In a presentation to Premier Li in July, Luo Zhiheng, chief macroeconomic analyst at Yuekai Securities, said local governments should reduce their debt-fueled spending and rely more on tax revenues or central government funds for investment. This would be in line with China’s attempt to “rebuild the tax revenue base”, Luo said, according to a copy of the presentation seen by the Financial Times. More taxes on property and personal income could be implemented when the time is right, other experts said.

Another solution is to allow the central government to raise more money. “There is still room for the central government to run deficits.

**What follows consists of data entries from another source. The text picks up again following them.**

lemma card_root_functions:
  assumes "finite T" "0 < m"
  shows "card (root_functions m T) = m ^ card T" "finite (root_functions m T)"
proof -
  define R where "R = {z::complex. z ^ m = 1}"
  have bij: "bij_betw (\<lambda>f. restrict f T) (root_functions m T) (PiE T (\<lambda>_. R))"
  proof (rule bij_betwI[where g = "\<lambda>g v. if v \<in> T then g v else 1"])
    show "(\<lambda>f. restrict f T) \<in> root_functions m T \<rightarrow> PiE T (\<lambda>_. R)"
      unfolding root_functions_def R_def by auto
    show "(\<lambda>g v. if v \<in> T then g v else 1) \<in> PiE T (\<lambda>_. R) \<rightarrow> root_functions m T"
      unfolding root_functions_def R_def by auto
    show "(\<lambda>v. if v \<in> T then restrict f T v else 1) = f" if "f \<in> root_functions m T" for f
      using that unfolding root_functions_def by auto
    show "restrict (\<lambda>v. if v \<in> T then g v else 1) T = g" if "g \<in> PiE T (\<lambda>_. R)" for g
      using that by (auto simp: PiE_def extensional_def restrict_def)
  qed
  have "card (PiE T (\<lambda>_. R)) = m ^ card T"
    using assms by (simp add: card_PiE R_def card_roots_unity_eq)
  then show "card (root_functions m T) = m ^ card T" using bij_betw_same_card[OF bij] by simp
  have "finite (PiE T (\<lambda>_. R))" using assms by (simp add: finite_PiE R_def finite_roots_unity)
  then show "finite (root_functions m T)" using bij_betw_finite[OF bij] by simp
qed

lemma root_functions_power:
  assumes "f \<in> root_functions m T"
  shows "(\<lambda>v. f v ^ k) \<in> root_functions m T"
proof -
  have "(z ^ k) ^ m = (z ^ m) ^ k" for z :: complex by (metis power_mult mult.commute)
  then show ?thesis using assms unfolding root_functions_def by auto
qed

But I think it is widely understood by economists in China to be the last fiscal ‘ammunition’ the Chinese government has,” Shih said.

The impact of the debt crisis has been evident in the services provided by local governments.

In the far north province of Heilongjiang, residents struggled to heat their homes in winter after local gas suppliers tightened supplies. Businesses blamed the lack of government subsidies.

In the city of Zhangjiakou, in Hebei province, where part of the 2022 Beijing Winter Olympics were held, local budgets are increasingly strained.

A civil servant in Zhangjiakou, who requested anonymity because he was not authorized to speak to the media, said he no longer trusted receiving the payment. “Getting paid is like rolling dice,” said the server. “You never know how much you’ll get in your next monthly payment.”

Building the bridges in Guizhou was a decades-long process. Unraveling the complex web of local finance can also take years.

“The cleanup process is likely to be costly and economically painful,” said Lo of BNP Paribas. “It’s a controlled default process to weed out bad assets and deleverage the system, allowing more bad LGFVs to go bankrupt… while the restructuring and debt reduction processes move forward.”